Yaoying Liu1,3,#, Xuying Shang1,2,3,#, Gaolong Zhang1, Xiaoyun Le1, Wei Zhao1, Zishen Wang2, Chunfeng Fang2, Baolin Qu3, Shouping Xu4,* (1) Beihang University, School of Physics, Beijing, China. (2) Hebei Yizhou Tumor Hospital, Department of Radiation Oncology, Hebei, China. (3) The First Medical Center of PLA General Hospital, Department of Radiation Oncology, Beijing, China. (4) National Cancer Center/Cancer Hospital- Chinese Academy of Medical Sciences and Peking Union Medical College, Department of Radiation Oncology, Beijing, China. # Yaoying Liu and Xuying Shang contributed equally to this work.

Presentations

PO-GePV-T-130 (Sunday, 7/10/2022)   [Eastern Time (GMT-4)]

ePoster Forums

Purpose: In proton therapy, an efficient and accurate dose calculation algorithm is a key for qualified plans and delivery. The delivered proton cases were relatively hard to collect. We designed a proton pencil beam algorithm (PBA) boost model: AA-Net trained by a small dataset, effectively improving PBA accuracy.

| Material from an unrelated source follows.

(* Let $V$ be an $n$-dimensional complex inner product space with orthonormal basis $e_1,\ldots,e_n$, let $m\ge1$, let $\chi$ be an irreducible character of $S_m$, let $1\le k\le m$ and let $A,X^1,\ldots,X^k\in M_n(\mathbb{C})$. Then $$D^k K_{\chi}(A)(X^1,\ldots ,X^k)=\frac{\chi(\mathrm{id})}{(m-k)!}\, B^* \operatorname{miximm}_{\overline{\chi}}(A;X^1,\ldots,X^k)\, B,$$ and, for $\alpha,\beta\in\widehat\Delta$, the $(\alpha,\beta)$ entry of this matrix equals $$\frac{\chi(\mathrm{id})}{m!}\sum_{\gamma ,\delta \in \widehat{\Delta}}b_{\gamma\beta}\, \overline{b_{\delta\alpha}}\sum_{\sigma \in S_k}\sum_{\rho, \tau \in Q_{k,m}}d_{\overline\chi}\Big(X[\delta | \gamma]^{\sigma}_{\tau} [ \rho| \tau]\bigoplus_{\rho| \tau} A[\delta|\gamma](\rho | \tau)\Big).$$
   Context: Symmetry classes: for $\sigma\in S_m$ let $P(\sigma)$ be the linear operator on $\otimes^m V$ with $P(\sigma)(v_1\otimes\cdots\otimes v_m)=v_{\sigma^{-1}(1)}\otimes\cdots\otimes v_{\sigma^{-1}(m)}$; $K_\chi=\frac{\chi(\mathrm{id})}{m!}\sum_{\sigma\in S_m}\chi(\sigma)P(\sigma)$ and $V_\chi=K_\chi(\otimes^mV)$. $\Gamma_{m,n}$ is the set of maps $\{1,\ldots,m\}\to\{1,\ldots,n\}$ with lexicographic order; $e^*_\alpha=K_\chi(e_{\alpha(1)}\otimes\cdots\otimes e_{\alpha(m)})$. $G_\alpha=\{\sigma\in S_m:\alpha\sigma=\alpha\}$, $\Omega=\{\alpha\in\Gamma_{m,n}:\sum_{\sigma\in G_\alpha}\chi(\sigma)\ne0\}$, $\Delta$ is the set of lexicographically first elements of the orbits $\{\alpha\sigma:\sigma\in S_m\}$, $\overline\Delta=\Delta\cap\Omega$, and $\widehat\Delta$ is a fixed set with $\overline\Delta\subseteq\widehat\Delta\subseteq\Omega$ such that $(e^*_\alpha)_{\alpha\in\widehat\Delta}$ (in lexicographic order) is a basis of $V_\chi$. $(v_\alpha)_{\alpha\in\widehat\Delta}$ is the orthonormal basis of $V_\chi$ obtained from it by Gram–Schmidt, and $B=(b_{\gamma\alpha})_{\gamma,\alpha\in\widehat\Delta}$ is defined by $v_\alpha=\sum_{\gamma\in\widehat\Delta}b_{\gamma\alpha}e^*_\gamma$. For $A\in M_n(\mathbb{C})$ let $T$ be the operator on $V$ with matrix $A$ in $(e_i)$; $K_\chi(T)$ is the restriction of $\otimes^mT$ to $V_\chi$, and $K_\chi(A)$ is the matrix indexed by $\widehat\Delta$ whose $(\alpha,\beta)$ entry is $\langle K_\chi(T)v_\beta,v_\alpha\rangle$. $D^kK_\chi(A)(X^1,\ldots,X^k)=\frac{\partial^k}{\partial t_1\cdots\partial t_k}\big|_{0}K_\chi(A+t_1X^1+\cdots+t_kX^k)$ (entrywise). Immanants: for an $m\times m$ matrix $Y$ and a character $\psi$ of $S_m$, $d_\psi(Y)=\sum_{\sigma\in S_m}\psi(\sigma)\prod_i y_{i\sigma(i)}$; $\overline\chi(\sigma)=\overline{\chi(\sigma)}$. The mixed immanant of $m\times m$ matrices $Y^1,\ldots,Y^m$ is $\Delta_\psi(Y^1,\ldots,Y^m)=\frac1{m!}\sum_{\sigma\in S_m}d_\psi$ of the matrix whose $j$-th column is the $j$-th column of $Y^{\sigma(j)}$. For $\gamma,\delta\in\Gamma_{m,n}$ and $Y\in M_n(\mathbb{C})$, $Y[\delta|\gamma]$ is the $m\times m$ matrix with $(i,j)$ entry $y_{\delta(i)\gamma(j)}$. $\operatorname{miximm}_{\overline\chi}(A;X^1,\ldots,X^k)$ is the matrix indexed by $\widehat\Delta$ whose $(\delta,\gamma)$ entry is $\Delta_{\overline\chi}(A[\delta|\gamma],\ldots,A[\delta|\gamma],X^1[\delta|\gamma],\ldots,X^k[\delta|\gamma])$ with $A[\delta|\gamma]$ repeated $m-k$ times. $Q_{k,m}$ is the set of strictly increasing maps $\{1,\ldots,k\}\to\{1,\ldots,m\}$; for $\rho\in Q_{k,m}$, $\bar\rho\in Q_{m-k,m}$ has complementary image. $X[\delta|\gamma]^\sigma_\tau$ (for $\sigma\in S_k$, $\tau\in Q_{k,m}$) is the $m\times m$ matrix whose $\tau(p)$-th column is the $\tau(p)$-th column of $X^{\sigma(p)}[\delta|\gamma]$ ($1\le p\le k$), other columns zero. For an $m\times m$ matrix $Y$ and $\rho,\tau\in Q_{k,m}$: $Y[\rho|\tau]$ is the $k\times k$ matrix with entries $y_{\rho(i)\tau(j)}$; $Y(\rho|\tau)$ is the $(m-k)\times(m-k)$ matrix obtained by deleting rows $\rho(\cdot)$ and columns $\tau(\cdot)$. For $P$ ($k\times k$) and $R$ ($(m-k)\times(m-k)$), $P\bigoplus_{\rho|\tau}R=(z_{ij})$ is the $m\times m$ matrix with $z_{ij}=0$ if exactly one of $i\in\operatorname{Im}\rho$, $j\in\operatorname{Im}\tau$ holds, $z_{ij}=p_{\rho^{-1}(i)\tau^{-1}(j)}$ if both hold, and $z_{ij}=r_{\bar\rho^{-1}(i)\bar\tau^{-1}(j)}$ if neither holds. *)

theory Defs
  imports "HOL-Analysis.Analysis" "HOL-Library.List_Lexorder" "HOL-Combinatorics.Permutations"
begin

Methods: Due to patients' variable anatomical structure that can cause PBA dose errors, Anatomical Attention Network (AA-Net) was built based on a novel Anatomical Attention Mechanism, which used CT's anatomical information to focus significant features in the network. Twenty-seven delivered lung cases treated by the proton system have been enrolled in our study: 15 cases used for training and 12 cases used for testing. Each case has paired PBA and Monte Carlo (MC) doses for model training. Conventional U-Net was selected as a comparison model.

Results: MC dose was a reference in dose comparison. For 12 test cases, AA-Net improved gamma passing rates (2mm/2%, 2mm/3% and 3mm/3%, 10% threshold) from PBA's 81.86%, 86.86% and 90.73% to 93.87%, 96.01% and 97.74%, compared with U-Net's 89.05%, 92.98% and 95.52% (p<0.05). Even for 4 cases with large PBA errors, AA-Net also performed effectively, which improved the passing rates (2mm/2%, 10% threshold) from PBA's 60.20% to 90.13%, compared with U-Net's 82.56%. Percentage dose errors of Lung V5, and CTV Dmean, D95, D90, D50, were improved by AA-Net from PBA's 0.17%, 2.53%, 2.19%, 2.04%, 2.67% to 0.14%, 1.3%, 1.39%, 1%, 1.64%, while U-Net performed normally, which even increased the percentage dose errors of PBA dose (p<0.05).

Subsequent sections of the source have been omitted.